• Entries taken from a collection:
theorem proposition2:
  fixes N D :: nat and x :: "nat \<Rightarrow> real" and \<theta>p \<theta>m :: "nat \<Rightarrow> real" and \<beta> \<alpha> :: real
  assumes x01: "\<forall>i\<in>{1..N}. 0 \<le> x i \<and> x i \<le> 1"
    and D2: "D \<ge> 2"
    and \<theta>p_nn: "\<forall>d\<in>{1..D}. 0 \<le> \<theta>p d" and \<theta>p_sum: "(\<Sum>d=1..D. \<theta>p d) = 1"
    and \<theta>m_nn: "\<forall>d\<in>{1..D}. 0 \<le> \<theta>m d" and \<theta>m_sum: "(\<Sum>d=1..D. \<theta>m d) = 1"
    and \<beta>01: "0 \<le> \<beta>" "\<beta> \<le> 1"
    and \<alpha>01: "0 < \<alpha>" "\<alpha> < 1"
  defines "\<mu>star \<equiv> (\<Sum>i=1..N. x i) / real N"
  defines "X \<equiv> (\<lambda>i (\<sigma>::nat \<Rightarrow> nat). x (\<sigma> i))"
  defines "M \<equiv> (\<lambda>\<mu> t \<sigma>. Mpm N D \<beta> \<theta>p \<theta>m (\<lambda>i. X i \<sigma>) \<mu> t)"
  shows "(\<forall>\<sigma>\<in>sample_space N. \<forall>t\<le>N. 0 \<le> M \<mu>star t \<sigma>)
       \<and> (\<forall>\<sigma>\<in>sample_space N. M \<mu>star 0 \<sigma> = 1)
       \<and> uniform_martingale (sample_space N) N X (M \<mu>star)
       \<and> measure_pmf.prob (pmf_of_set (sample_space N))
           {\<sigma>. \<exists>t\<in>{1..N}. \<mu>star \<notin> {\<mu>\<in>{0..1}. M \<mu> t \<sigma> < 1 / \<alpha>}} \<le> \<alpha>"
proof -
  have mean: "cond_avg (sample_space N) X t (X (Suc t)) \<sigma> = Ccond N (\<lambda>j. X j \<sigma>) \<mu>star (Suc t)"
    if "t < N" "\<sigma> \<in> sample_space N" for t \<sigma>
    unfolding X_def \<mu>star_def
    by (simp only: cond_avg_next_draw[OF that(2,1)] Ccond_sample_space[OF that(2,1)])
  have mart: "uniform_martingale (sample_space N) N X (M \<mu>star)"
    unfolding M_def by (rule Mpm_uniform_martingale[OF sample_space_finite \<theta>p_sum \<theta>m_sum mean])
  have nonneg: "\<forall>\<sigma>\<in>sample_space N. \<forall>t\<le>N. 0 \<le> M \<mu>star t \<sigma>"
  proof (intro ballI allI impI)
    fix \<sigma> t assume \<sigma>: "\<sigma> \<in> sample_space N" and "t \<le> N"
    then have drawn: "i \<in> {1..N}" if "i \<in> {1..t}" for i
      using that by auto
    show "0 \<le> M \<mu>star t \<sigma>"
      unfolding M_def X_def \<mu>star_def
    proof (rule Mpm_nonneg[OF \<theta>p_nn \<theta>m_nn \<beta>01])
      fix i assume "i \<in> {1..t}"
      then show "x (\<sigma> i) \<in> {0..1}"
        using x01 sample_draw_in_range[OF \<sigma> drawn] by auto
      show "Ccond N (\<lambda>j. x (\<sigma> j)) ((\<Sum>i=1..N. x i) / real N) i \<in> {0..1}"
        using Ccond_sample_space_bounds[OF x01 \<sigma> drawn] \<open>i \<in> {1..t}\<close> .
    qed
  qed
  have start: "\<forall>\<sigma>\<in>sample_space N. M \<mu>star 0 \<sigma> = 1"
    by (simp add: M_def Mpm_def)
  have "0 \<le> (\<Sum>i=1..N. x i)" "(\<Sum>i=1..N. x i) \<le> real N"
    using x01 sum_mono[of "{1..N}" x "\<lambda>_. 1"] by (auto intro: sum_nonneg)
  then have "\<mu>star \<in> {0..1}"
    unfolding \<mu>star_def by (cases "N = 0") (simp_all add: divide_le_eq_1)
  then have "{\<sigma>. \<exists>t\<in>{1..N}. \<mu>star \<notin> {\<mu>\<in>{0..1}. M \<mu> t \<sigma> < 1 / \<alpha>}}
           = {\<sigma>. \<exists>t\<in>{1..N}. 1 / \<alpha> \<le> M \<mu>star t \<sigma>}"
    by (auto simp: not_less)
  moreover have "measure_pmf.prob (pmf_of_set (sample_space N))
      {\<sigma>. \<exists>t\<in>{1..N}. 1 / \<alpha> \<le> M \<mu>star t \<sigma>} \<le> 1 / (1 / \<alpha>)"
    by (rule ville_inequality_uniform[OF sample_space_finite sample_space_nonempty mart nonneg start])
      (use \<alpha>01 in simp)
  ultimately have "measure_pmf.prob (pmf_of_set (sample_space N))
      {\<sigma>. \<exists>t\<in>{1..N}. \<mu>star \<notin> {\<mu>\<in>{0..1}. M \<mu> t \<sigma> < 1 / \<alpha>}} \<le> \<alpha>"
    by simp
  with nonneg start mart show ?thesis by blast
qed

...

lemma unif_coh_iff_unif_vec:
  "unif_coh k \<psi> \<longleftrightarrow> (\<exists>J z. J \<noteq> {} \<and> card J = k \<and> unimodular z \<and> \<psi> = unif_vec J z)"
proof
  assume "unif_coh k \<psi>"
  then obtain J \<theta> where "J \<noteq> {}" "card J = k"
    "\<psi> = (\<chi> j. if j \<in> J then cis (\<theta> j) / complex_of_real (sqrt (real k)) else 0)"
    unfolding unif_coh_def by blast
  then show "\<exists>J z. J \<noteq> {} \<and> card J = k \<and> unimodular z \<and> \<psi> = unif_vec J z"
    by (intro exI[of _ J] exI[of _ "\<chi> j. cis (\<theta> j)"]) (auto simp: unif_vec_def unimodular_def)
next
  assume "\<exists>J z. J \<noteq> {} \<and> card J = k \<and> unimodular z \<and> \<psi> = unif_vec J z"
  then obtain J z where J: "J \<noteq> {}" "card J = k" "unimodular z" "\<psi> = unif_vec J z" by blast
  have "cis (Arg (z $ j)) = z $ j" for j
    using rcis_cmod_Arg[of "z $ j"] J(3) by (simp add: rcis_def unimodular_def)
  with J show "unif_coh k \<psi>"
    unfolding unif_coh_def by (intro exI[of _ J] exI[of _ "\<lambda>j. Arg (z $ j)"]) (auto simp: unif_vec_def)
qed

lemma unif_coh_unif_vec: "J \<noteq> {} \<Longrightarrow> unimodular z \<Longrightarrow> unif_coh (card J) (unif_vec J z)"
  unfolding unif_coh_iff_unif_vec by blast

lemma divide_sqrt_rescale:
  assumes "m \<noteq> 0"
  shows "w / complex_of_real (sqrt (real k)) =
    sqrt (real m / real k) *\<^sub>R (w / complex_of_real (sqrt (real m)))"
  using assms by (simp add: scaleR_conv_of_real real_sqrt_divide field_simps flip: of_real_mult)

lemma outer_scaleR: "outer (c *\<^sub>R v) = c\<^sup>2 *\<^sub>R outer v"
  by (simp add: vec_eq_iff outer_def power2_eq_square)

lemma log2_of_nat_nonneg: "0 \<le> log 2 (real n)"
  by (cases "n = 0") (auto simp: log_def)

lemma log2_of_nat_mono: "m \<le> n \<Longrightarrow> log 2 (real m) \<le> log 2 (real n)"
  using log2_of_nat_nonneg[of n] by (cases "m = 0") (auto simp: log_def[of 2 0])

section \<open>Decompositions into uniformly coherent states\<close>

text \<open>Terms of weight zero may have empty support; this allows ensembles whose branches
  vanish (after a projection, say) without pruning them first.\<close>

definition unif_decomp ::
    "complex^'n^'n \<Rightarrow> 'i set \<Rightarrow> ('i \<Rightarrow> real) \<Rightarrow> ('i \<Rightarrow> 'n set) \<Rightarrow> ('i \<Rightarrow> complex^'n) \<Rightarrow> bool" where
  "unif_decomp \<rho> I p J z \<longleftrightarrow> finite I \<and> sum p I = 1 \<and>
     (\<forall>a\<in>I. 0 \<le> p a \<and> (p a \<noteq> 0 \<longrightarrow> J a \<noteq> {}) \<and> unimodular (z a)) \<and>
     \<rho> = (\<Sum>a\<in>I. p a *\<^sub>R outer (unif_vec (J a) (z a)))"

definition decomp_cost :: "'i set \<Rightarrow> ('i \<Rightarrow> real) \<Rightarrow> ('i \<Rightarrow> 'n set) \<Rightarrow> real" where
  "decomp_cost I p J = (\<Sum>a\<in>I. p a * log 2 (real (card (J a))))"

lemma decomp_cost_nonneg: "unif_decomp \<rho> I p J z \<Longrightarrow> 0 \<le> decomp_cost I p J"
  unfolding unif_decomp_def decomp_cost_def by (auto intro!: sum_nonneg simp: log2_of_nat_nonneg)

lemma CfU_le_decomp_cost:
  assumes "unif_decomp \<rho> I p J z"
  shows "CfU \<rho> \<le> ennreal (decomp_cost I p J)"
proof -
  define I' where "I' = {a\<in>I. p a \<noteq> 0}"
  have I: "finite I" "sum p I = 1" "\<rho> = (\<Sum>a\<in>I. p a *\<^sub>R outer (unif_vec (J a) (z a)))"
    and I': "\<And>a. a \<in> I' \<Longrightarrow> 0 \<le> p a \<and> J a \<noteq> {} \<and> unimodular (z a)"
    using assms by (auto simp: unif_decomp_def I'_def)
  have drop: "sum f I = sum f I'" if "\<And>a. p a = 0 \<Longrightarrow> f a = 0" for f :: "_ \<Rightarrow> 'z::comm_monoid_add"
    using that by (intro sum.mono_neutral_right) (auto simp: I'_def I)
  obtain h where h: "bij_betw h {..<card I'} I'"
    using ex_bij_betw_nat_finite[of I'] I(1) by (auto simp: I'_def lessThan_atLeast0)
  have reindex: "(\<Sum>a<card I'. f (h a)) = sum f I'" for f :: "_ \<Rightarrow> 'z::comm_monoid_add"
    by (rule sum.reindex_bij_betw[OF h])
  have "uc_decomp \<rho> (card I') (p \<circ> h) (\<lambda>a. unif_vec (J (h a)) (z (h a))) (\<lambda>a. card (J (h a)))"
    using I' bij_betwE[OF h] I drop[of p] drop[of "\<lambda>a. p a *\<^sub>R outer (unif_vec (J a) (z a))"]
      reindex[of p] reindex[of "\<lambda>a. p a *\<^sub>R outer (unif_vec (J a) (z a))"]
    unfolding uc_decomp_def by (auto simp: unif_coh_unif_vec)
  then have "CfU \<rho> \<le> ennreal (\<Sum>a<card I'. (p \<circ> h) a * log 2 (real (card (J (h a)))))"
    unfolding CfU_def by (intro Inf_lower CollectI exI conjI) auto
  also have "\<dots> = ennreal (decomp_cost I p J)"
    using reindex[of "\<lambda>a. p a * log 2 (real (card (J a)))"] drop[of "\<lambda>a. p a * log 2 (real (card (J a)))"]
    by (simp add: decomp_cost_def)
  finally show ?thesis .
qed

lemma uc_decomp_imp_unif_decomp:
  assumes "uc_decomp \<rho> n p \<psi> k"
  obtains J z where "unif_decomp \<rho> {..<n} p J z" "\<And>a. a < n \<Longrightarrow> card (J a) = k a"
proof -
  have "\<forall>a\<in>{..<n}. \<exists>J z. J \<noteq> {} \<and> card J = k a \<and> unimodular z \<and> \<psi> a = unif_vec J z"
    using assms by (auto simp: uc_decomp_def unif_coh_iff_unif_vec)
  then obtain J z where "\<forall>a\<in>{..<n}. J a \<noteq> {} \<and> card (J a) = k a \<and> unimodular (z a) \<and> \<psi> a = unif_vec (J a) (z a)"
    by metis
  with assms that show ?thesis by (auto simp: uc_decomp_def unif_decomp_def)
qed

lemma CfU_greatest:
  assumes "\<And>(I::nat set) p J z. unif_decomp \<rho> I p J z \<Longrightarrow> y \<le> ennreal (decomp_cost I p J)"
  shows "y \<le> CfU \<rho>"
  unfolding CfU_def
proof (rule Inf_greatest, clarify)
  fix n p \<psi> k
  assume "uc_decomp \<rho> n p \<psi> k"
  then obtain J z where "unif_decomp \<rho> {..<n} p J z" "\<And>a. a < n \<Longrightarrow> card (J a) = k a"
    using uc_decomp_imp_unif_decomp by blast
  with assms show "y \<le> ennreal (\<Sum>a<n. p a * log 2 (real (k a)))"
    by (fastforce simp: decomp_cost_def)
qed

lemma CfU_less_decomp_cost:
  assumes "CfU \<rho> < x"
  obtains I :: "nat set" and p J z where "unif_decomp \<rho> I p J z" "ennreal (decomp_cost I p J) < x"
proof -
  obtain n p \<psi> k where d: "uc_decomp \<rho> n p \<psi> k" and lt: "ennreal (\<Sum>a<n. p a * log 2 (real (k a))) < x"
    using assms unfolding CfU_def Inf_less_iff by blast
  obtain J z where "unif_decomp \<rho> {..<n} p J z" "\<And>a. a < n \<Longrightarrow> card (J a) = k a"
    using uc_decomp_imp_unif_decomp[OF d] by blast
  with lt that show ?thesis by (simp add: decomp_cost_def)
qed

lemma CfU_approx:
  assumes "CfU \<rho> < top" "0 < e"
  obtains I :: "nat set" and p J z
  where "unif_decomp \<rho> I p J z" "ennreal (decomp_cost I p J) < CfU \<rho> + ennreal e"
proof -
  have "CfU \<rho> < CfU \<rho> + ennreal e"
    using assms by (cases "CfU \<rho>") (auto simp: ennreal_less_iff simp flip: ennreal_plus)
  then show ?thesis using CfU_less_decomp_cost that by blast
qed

==

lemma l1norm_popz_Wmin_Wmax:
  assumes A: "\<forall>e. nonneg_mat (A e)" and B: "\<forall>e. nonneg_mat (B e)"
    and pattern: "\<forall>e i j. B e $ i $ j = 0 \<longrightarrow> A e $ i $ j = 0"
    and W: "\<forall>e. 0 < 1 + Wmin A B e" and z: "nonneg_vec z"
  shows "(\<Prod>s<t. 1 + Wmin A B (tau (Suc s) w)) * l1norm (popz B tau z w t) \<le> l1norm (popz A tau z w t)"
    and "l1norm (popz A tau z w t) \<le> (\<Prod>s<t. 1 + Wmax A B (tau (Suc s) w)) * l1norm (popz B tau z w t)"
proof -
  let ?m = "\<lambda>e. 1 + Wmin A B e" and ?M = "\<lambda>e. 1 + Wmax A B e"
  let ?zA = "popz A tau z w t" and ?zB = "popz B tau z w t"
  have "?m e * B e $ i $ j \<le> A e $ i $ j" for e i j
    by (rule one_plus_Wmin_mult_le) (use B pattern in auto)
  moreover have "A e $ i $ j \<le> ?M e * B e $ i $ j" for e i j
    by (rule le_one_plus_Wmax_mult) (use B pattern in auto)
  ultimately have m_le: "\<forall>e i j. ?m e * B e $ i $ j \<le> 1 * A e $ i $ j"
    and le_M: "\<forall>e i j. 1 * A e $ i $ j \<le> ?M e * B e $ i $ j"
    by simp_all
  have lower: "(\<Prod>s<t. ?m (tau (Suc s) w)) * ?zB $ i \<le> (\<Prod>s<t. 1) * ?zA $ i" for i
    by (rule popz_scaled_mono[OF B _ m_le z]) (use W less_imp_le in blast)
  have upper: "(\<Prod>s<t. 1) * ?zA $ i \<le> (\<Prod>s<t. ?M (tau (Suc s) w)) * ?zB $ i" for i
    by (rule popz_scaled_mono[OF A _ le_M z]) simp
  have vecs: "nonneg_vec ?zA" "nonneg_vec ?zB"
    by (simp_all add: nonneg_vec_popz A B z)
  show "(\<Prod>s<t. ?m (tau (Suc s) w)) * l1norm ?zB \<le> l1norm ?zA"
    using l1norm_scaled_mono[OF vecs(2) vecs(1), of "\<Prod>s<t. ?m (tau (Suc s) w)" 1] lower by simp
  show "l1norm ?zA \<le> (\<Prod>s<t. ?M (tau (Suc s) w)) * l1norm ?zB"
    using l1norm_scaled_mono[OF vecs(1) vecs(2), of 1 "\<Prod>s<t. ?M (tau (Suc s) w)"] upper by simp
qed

• Work task:
From the records above, repeat exactly the lines from the one with "fix \<sigma> t" through the one with "unfolding \<mu>star_def by", both included.

• Response to the task:
    fix \<sigma> t assume \<sigma>: "\<sigma> \<in> sample_space N" and "t \<le> N"
    then have drawn: "i \<in> {1..N}" if "i \<in> {1..t}" for i
      using that by auto
    show "0 \<le> M \<mu>star t \<sigma>"
      unfolding M_def X_def \<mu>star_def
    proof (rule Mpm_nonneg[OF \<theta>p_nn \<theta>m_nn \<beta>01])
      fix i assume "i \<in> {1..t}"
      then show "x (\<sigma> i) \<in> {0..1}"
        using x01 sample_draw_in_range[OF \<sigma> drawn] by auto
      show "Ccond N (\<lambda>j. x (\<sigma> j)) ((\<Sum>i=1..N. x i) / real N) i \<in> {0..1}"
        using Ccond_sample_space_bounds[OF x01 \<sigma> drawn] \<open>i \<in> {1..t}\<close> .
    qed
  qed
  have start: "\<forall>\<sigma>\<in>sample_space N. M \<mu>star 0 \<sigma> = 1"
    by (simp add: M_def Mpm_def)
  have "0 \<le> (\<Sum>i=1..N. x i)" "(\<Sum>i=1..N. x i) \<le> real N"
    using x01 sum_mono[of "{1..N}" x "\<lambda>_. 1"] by (auto intro: sum_nonneg)
  then have "\<mu>star \<in> {0..1}"
    unfolding \<mu>star_def by (cases "N = 0") (simp_all add: divide_le_eq_1)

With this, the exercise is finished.